The suitcase CEO: extended Stay America has its headquarters in Charlotte, but how N.C. can the company be when Jim Donald lives in Washington state?

AuthorCampbell, Spencer
PositionCover story

Eighteen years ago, Jim Donald got his first shot at CEO when he became president and chairman of Pathmark Stores Inc., a 143-supermarket chain with $4.1 billion of annual sales. He had spent most of his career running grocery stores--known for his knack of pinpointing problems in them --so on his first day on the job he visited a few of Pathmark's near its Woodbridge, N.J., headquarters. He started at a Newark location at 1:30 a.m. "Welcome," a sign near the entrance read. "We're glad you're here." The razor-wire fencing said otherwise. Inside, an employee was stocking cereal. Donald, often described as charming and personable, asked how he was doing. "What the eff is it to you?" came the reply.

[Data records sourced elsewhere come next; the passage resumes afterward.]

lemma ex1_dominant_in_weyl_orbit:
  assumes "n \<ge> 2"
  shows "\<exists>!y. y \<in> weyl_orbit n x \<and> dominant n y"
proof (rule ex_ex1I)
  show "\<exists>y. y \<in> weyl_orbit n x \<and> dominant n y"
    using dominant_in_weyl_orbit[OF assms] by blast
next
  fix y z assume y: "y \<in> weyl_orbit n x \<and> dominant n y" and z: "z \<in> weyl_orbit n x \<and> dominant n z"
  then obtain v w where vw: "v \<in> weylD n" "y = v x" "w \<in> weylD n" "z = w x"
    by blast
  show "y = z"
    using assms y z vw weylD_prod[OF vw(1), of x] weylD_prod[OF vw(3), of x]
    by (intro dominant_unique) (auto simp: weylD_abs_coords weylD_fixes_outside)
qed

lemma dom_conj_in_weyl_orbit: "n \<ge> 2 \<Longrightarrow> dom_conj n x \<in> weyl_orbit n x"
  using theI'[OF ex1_dominant_in_weyl_orbit] unfolding dom_conj_def by blast

lemma dominant_dom_conj: "n \<ge> 2 \<Longrightarrow> dominant n (dom_conj n x)"
  using theI'[OF ex1_dominant_in_weyl_orbit] unfolding dom_conj_def by blast

lemma dominant_shape:
  assumes n: "n \<ge> 2" and dom: "dominant n y" and j: "j \<in> {1..n}"
    and zeros: "{k\<in>{1..n}. ip n y (simple_root n k) = 0} = {1..n} - {j}"
  shows "0 < y 1"
    and "j \<le> n - 2 \<Longrightarrow> k \<in> {1..n} \<Longrightarrow> y k = (if k \<le> j then y 1 else 0)"
    and "n - 1 \<le> j \<Longrightarrow> k \<in> {1..n} \<Longrightarrow> \<bar>y k\<bar> = y 1"
proof -
  have zero_iff: "ip n y (simple_root n k) = 0 \<longleftrightarrow> k \<noteq> j" if "k \<in> {1..n}" for k
    using zeros that by blast
  have wall: "y (Suc k) = y k \<longleftrightarrow> k \<noteq> j" if "1 \<le> k" "k < n" for k
    using zero_iff[of k] that ip_simple_root[OF that, of y] by auto
  have wall_last: "y (n-1) + y n = 0 \<longleftrightarrow> j \<noteq> n"
    using zero_iff[of n] n ip_simple_root_last[OF n, of y] by auto
  have chain: "y m = y k" if "a \<le> k" "k \<le> m" "m \<le> b" "1 \<le> a" "b \<le> n" "j \<notin> {a..<b}" for a b k m
  proof (rule rel_chain_Suc[where R = "(=)" and f = y and a = a and b = b])
    fix i assume "a \<le> i" "i < b"
    then show "y (Suc i) = y i"
      using wall[of i] that by auto
  qed (use that in auto)
  have up_to_j: "y k = y 1" if "1 \<le> k" "k \<le> j" for k
    using j that by (intro chain[where a = 1 and b = j]) auto
  have after_j: "y k = y n" if "j < k" "k \<le> n" for k
    using that by (intro chain[where a = k and b = n, symmetric]) auto
  have "0 < y 1 \<and> (j \<le> n - 2 \<longrightarrow> y n = 0) \<and> (n - 1 \<le> j \<longrightarrow> \<bar>y n\<bar> = y 1)"
  proof (cases "j \<le> n - 2")
    case True
    have "y n = y (n-1)"
      using wall[of "n-1"] True n by simp
    then have "y n = 0"
      using wall_last True n by simp
    moreover have "y (Suc j) \<noteq> y j" "y (Suc j) \<le> y j" "y (Suc j) = y n"
      using wall[of j] dominant_antimono[OF dom, of j] after_j[of "Suc j"] j True n by auto
    ultimately show ?thesis
      using up_to_j[of j] j True by auto
  next
    case False
    then consider "j = n - 1" | "j = n"
      using j by fastforce
    then show ?thesis
    proof cases
      case 1
      then have "y n = - y (n-1)" "y n \<noteq> y (n-1)" "y n \<le> y (n-1)"
        using wall_last wall[of "n-1"] dominant_antimono[OF dom, of "n-1"] n by auto
      then show ?thesis
        using up_to_j[of "n-1"] 1 n by auto
    next
      case 2
      then have "y (n-1) + y n \<noteq> 0" "y n = y 1" "y (n-1) = y 1"
        using wall_last up_to_j[of n] up_to_j[of "n-1"] n by auto
      then show ?thesis
        using dominant_last[OF dom n] 2 n by auto
    qed
  qed
  then have pos: "0 < y 1" and low: "j \<le> n - 2 \<Longrightarrow> y n = 0"
    and high: "n - 1 \<le> j \<Longrightarrow> \<bar>y n\<bar> = y 1"
    by blast+
  show "0 < y 1"
    by (fact pos)
  show "y k = (if k \<le> j then y 1 else 0)" if "j \<le> n - 2" "k \<in> {1..n}"
    using up_to_j[of k] after_j[of k] low that by auto
  show "\<bar>y k\<bar> = y 1" if "n - 1 \<le> j" "k \<in> {1..n}"
    using up_to_j[of k] after_j[of k] high pos that by (cases "k \<le> j") auto
qed

lemma basic_weight_simple_root:
  assumes "basic_weight n i j x" "n \<ge> 2" "k \<in> {1..n}" "k \<noteq> i"
  shows "ip n x (simple_root n k) \<in> \<int>" and "0 < ip n x (simple_root n k)"
proof -
  have "ip n x (coroot n (simple_root n k)) \<in> \<int> \<and> 0 < ip n x (coroot n (simple_root n k))"
    using assms(1,3,4) unfolding basic_weight_def by blast
  then show "ip n x (simple_root n k) \<in> \<int>" and "0 < ip n x (simple_root n k)"
    using coroot_simple_root[OF assms(2,3)] by simp_all
qed

lemma basic_weight_descent:
  assumes "basic_weight n i j x" "n \<ge> 2" "1 \<le> k" "k < n" "k \<noteq> i"
  shows "x (Suc k) < x k" and "x k - x (Suc k) \<in> \<int>"
  using basic_weight_simple_root[OF assms(1,2), of k] assms(3-5) ip_simple_root[OF assms(3,4), of x]
  by auto

lemma basic_weight_last:
  assumes "basic_weight n i j x" "n \<ge> 2" "i \<noteq> n"
  shows "0 < x (n-1) + x n"
  using basic_weight_simple_root(2)[OF assms(1,2), of n] assms(2,3)
    ip_simple_root_last[OF assms(2), of x] by auto

lemma basic_weight_coords:
  assumes bw: "basic_weight n i j x" and n: "n \<ge> 2" and j: "j \<in> {1..n}"
  obtains c where "0 < c" and "\<And>k. k \<in> {1..n} \<Longrightarrow> x k \<in> {0, c, -c}"
    and "\<And>m. m \<in> {1..n} \<Longrightarrow> x m = 0 \<Longrightarrow> j \<le> n - 2 \<and> count (abs_coords n x) c = j"
proof -
  define y where "y = dom_conj n x"
  have dom: "dominant n y"
    unfolding y_def by (rule dominant_dom_conj[OF n])
  obtain w where "w \<in> weylD n" "y = w x"
    using dom_conj_in_weyl_orbit[OF n] unfolding y_def by blast
  then have abs_eq: "abs_coords n y = abs_coords n x"
    by (simp add: weylD_abs_coords)
  have "{k\<in>{1..n}. ip n y (simple_root n k) = 0} = {1..n} - {j}"
    using bw unfolding basic_weight_def y_def by blast
  note shape = dominant_shape[OF n dom j this]
  have y_vals: "\<bar>y k\<bar> = y 1 \<or> y k = 0" if "k \<in> {1..n}" for k
    using shape(1) shape(2,3)[OF _ that] by (cases "j \<le> n - 2") auto
  have "x k \<in> {0, y 1, - y 1}" if k: "k \<in> {1..n}" for k
  proof -
    obtain s where "s \<in> {1..n}" "\<bar>x k\<bar> = \<bar>y s\<bar>"
      using abs_coords_eqE[OF abs_eq[symmetric] k] .
    then show ?thesis
      using y_vals[of s] by (auto simp: abs_eq_iff)
  qed
  moreover have "j \<le> n - 2 \<and> count (abs_coords n x) (y 1) = j" if m: "m \<in> {1..n}" "x m = 0" for m
  proof -
    obtain s where s: "s \<in> {1..n}" "\<bar>x m\<bar> = \<bar>y s\<bar>"
      using abs_coords_eqE[OF abs_eq[symmetric] m(1)] .
    then have "y s = 0"
      using m(2) by simp
    have low: "j \<le> n - 2"
      using shape(1) shape(3)[OF _ s(1)] \<open>y s = 0\<close> by fastforce
    have "{k\<in>{1..n}. \<bar>y k\<bar> = y 1} = {1..j}"
    proof (intro set_eqI iffI)
      fix k assume "k \<in> {k\<in>{1..n}. \<bar>y k\<bar> = y 1}"
      then show "k \<in> {1..j}"
        using shape(1) shape(2)[OF low, of k] by (auto split: if_splits)
    next
      fix k assume "k \<in> {1..j}"
      then show "k \<in> {k\<in>{1..n}. \<bar>y k\<bar> = y 1}"
        using shape(1) shape(2)[OF low, of k] j by auto
    qed
    then show ?thesis
      using low abs_eq count_abs_coords[of n y "y 1"] by simp
  qed
  ultimately show ?thesis
    using that shape(1) by blast
qed

lemma descents_in_three_values:
  fixes x :: "nat \<Rightarrow> real"
  assumes c: "0 < c" and n: "4 \<le> n"
    and vals: "\<And>k. k \<in> {1..n} \<Longrightarrow> x k \<in> {0, c, -c}"
    and desc: "\<And>k. 1 \<le> k \<Longrightarrow> k < n \<Longrightarrow> k \<noteq> i \<Longrightarrow> x (Suc k) < x k"
    and last_pos: "i \<noteq> n \<Longrightarrow> 0 < x (n-1) + x n"
  obtains L where "\<forall>k\<in>{1..n}. x k = c * L ! (k - 1)"
    and "n = 4 \<and> i = 2 \<and> L \<in> {[1, 0, 1, 0], [0, -1, 1, 0], [1, -1, 1, 0]}
       \<or> n = 5 \<and> i = 3 \<and> L = [1, 0, -1, 1, 0]"
proof -
  have gap: "c \<le> x k - x (Suc k)" if "1 \<le> k" "k < n" "k \<noteq> i" for k
    using desc[OF that] vals[of k] vals[of "Suc k"] that c by auto
  have bound: "\<bar>x k\<bar> \<le> c" if "k \<in> {1..n}" for k
    using vals[OF that] c by auto
  have no_three_gaps: False if "1 \<le> m" "m + 3 \<le> n" "i \<notin> {m, m+1, m+2}" for m
    using gap[of m] gap[of "m+1"] gap[of "m+2"] bound[of m] bound[of "m+3"] that c
    by (simp add: numeral_eq_Suc abs_le_iff)
  have "i \<le> 3" "n - 3 \<le> i"
    using no_three_gaps[of 1] no_three_gaps[of "n-3"] n by force+
  then have "i \<noteq> n"
    using n by simp
  then have sum: "0 < x (n-1) + x n"
    by (rule last_pos)
  have "i \<noteq> n - 1"
  proof
    assume "i = n - 1"
    then have "n = 4" "i = 3"
      using \<open>i \<le> 3\<close> n by auto
    then show False
      using gap[of 1] gap[of 2] bound[of 1] bound[of 3] bound[of 4] sum c
      by (simp add: abs_le_iff eval_nat_numeral)
  qed
  then have "c \<le> x (n-1) - x n"
    using gap[of "n-1"] n by simp
  then have x_last: "x (n-1) = c" "x n = 0"
    using vals[of "n-1"] vals[of n] sum c n by auto
  have "i = n - 2"
  proof (rule ccontr)
    assume "i \<noteq> n - 2"
    moreover have "Suc (n-2) = n - 1" "1 \<le> n - 2" "n - 2 < n"
      using n by auto
    ultimately have "c \<le> x (n-2) - x (n-1)"
      using gap[of "n-2"] by simp
    moreover have "\<bar>x (n-2)\<bar> \<le> c"
      using bound n by simp
    ultimately show False
      using x_last c by simp
  qed
  then consider "n = 4" "i = 2" | "n = 5" "i = 3"
    using \<open>i \<le> 3\<close> n by force
  then show ?thesis
  proof cases
    case 1
    then have "{1..n} = {1, 2, 3, 4}"
      by auto
    moreover consider "x 1 = c" "x 2 = 0" | "x 1 = 0" "x 2 = -c" | "x 1 = c" "x 2 = -c"
      using gap[of 1] vals[of 1] vals[of 2] c 1 by (auto simp: eval_nat_numeral)
    ultimately show ?thesis
      using that[of "[1, 0, 1, 0]"] that[of "[0, -1, 1, 0]"] that[of "[1, -1, 1, 0]"] x_last 1
      by cases auto
  next
    case 2
    then have "{1..n} = {1, 2, 3, 4, 5}"
      by auto
    moreover have "x 1 = c" "x 2 = 0" "x 3 = -c"
      using gap[of 1] gap[of 2] vals[of 1] vals[of 2] vals[of 3] c 2 by (auto simp: eval_nat_numeral)
    ultimately show ?thesis
      using that[of "[1, 0, -1, 1, 0]"] x_last 2 by auto
  qed
qed

theorem theorem5p10:
  fixes n i j :: nat and x :: "nat \<Rightarrow> real"
  assumes "n \<ge> 4" and "i \<in> {1..n}" and "j \<in> {1..n}"
    and "basic_system n i j"
    and "basic_weight n i j x"
  shows "\<exists>m::nat. m > 0 \<and>
    ((n = 4 \<and> i = 2 \<and> j = 2 \<and>
       ((\<forall>k\<in>{1..n}. x k = real m * [1, 0, 1, 0] ! (k - 1)) \<or>
        (\<forall>k\<in>{1..n}. x k = real m * [0, -1, 1, 0] ! (k - 1))))
    \<or> (n = 5 \<and> i = 3 \<and> j = 3 \<and>
       (\<forall>k\<in>{1..n}. x k = real m * [1, 0, -1, 1, 0] ! (k - 1))))"
proof -
  have n: "n \<ge> 2"
    using assms(1) by simp
  obtain c where c: "0 < c" and vals: "\<And>k. k \<in> {1..n} \<Longrightarrow> x k \<in> {0, c, -c}"
    and zero: "\<And>m. m \<in> {1..n} \<Longrightarrow> x m = 0 \<Longrightarrow> j \<le> n - 2 \<and> count (abs_coords n x) c = j"
    using basic_weight_coords[OF assms(5) n assms(3)] by blast
  obtain L where x: "\<forall>k\<in>{1..n}. x k = c * L ! (k - 1)"
    and L: "n = 4 \<and> i = 2 \<and> L \<in> {[1, 0, 1, 0], [0, -1, 1, 0], [1, -1, 1, 0]}
       \<or> n = 5 \<and> i = 3 \<and> L = [1, 0, -1, 1, 0]"
    using descents_in_three_values[OF c assms(1) vals basic_weight_descent(1)[OF assms(5) n]
        basic_weight_last[OF assms(5) n]] by blast
  have "length L = n" "x (n - 1) - x (Suc (n - 1)) = c" "x n = 0" "n - 1 \<noteq> i"
    using L x[rule_format, of "n - 1"] x[rule_format, of n] by auto
  then have "c \<in> \<int>" and "count (mset (map (\<lambda>a. \<bar>c * a\<bar>) L)) c = j" and "j \<le> n - 2"
    using basic_weight_descent(2)[OF assms(5) n, of "n - 1"] zero[of n] abs_coords_eq_pattern[OF _ x]
      assms(1) by auto
  then have j: "n = 4 \<and> i = 2 \<and> j = 2 \<and> L \<in> {[1, 0, 1, 0], [0, -1, 1, 0]}
      \<or> n = 5 \<and> i = 3 \<and> j = 3 \<and> L = [1, 0, -1, 1, 0]"
    using L c by auto
  have "c \<in> \<nat>"
    using \<open>c \<in> \<int>\<close> c by (simp add: Nats_altdef2)
  then obtain m :: nat where "c = real m"
    by (elim Nats_cases)
  then have "0 < m" "\<forall>k\<in>{1..n}. x k = real m * L ! (k - 1)"
    using c x by simp_all
  then show ?thesis
    using j by (intro exI[of _ m]) blast
qed

end
lemma dual_averaging_arg_min_delay_dist:
  fixes N :: "'a::euclidean_space \<Rightarrow> real" and g :: "nat \<Rightarrow> 'a"
  assumes N: "is_norm N" and X: "convex X" and H: "strongly_convex_real_on X N 1 H" and "\<eta> > 0"
    and "finite A" "S \<subseteq> A"
    and x: "is_arg_min (dual_averaging_objective (\<Sum>s\<in>S. g s) H \<eta>) (\<lambda>w. w \<in> X) x"
    and y: "is_arg_min (dual_averaging_objective (\<Sum>s\<in>A. g s) H \<eta>) (\<lambda>w. w \<in> X) y"
  shows "N (x - y) \<le> \<eta> * (\<Sum>s\<in>A - S. dual_norm N (g s))"
proof -
  have "(\<Sum>s\<in>A. g s) = (\<Sum>s\<in>A - S. g s) + (\<Sum>s\<in>S. g s)"
    using \<open>finite A\<close> \<open>S \<subseteq> A\<close> by (simp add: sum.subset_diff)
  with y have "is_arg_min (\<lambda>w. (\<Sum>s\<in>A - S. g s) \<bullet> w + dual_averaging_objective (\<Sum>s\<in>S. g s) H \<eta> w)
      (\<lambda>w. w \<in> X) y"
    by (simp add: dual_averaging_objective_add_inner)
  then have "N (x - y) \<le> dual_norm N (\<Sum>s\<in>A - S. g s) / (1 / \<eta>)"
    using strongly_convex_arg_min_perturb_dist[OF N X
        strongly_convex_dual_averaging_objective[OF H \<open>\<eta> > 0\<close>] _ x] \<open>\<eta> > 0\<close> by simp
  also have "\<dots> \<le> \<eta> * (\<Sum>s\<in>A - S. dual_norm N (g s))"
    using dual_norm_sum_le[OF N, of g "A - S"] \<open>\<eta> > 0\<close> by simp
  finally show ?thesis .
qed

"It was really messed up," Donald says of Pathmark. Nearly a decade earlier, a $1.8 billion leveraged buyout had thwarted a hostile takeover but left the company with debilitating debt. The novice chief executive faced dwindling market share, neglected stores with leaky roofs and embittered employees. Frank Vitrano, then the chain's vice president and treasurer, recalls the first meeting Donald held. "I think his opening slide was "We're a sick, sick company/" His remedy: grow sales, increase margins, cut costs and get better returns on capital. Nothing revolutionary, Vitrano admits. Donald also launched GREAT --an acronym, but Vitrano can't remember for what--Service, a customer-relations program. "Initially, you'd look at this, and you'd say, 'Is this almost too folksy?' But Jim had a way at continuing to reiterate it and continuing to drive home the message."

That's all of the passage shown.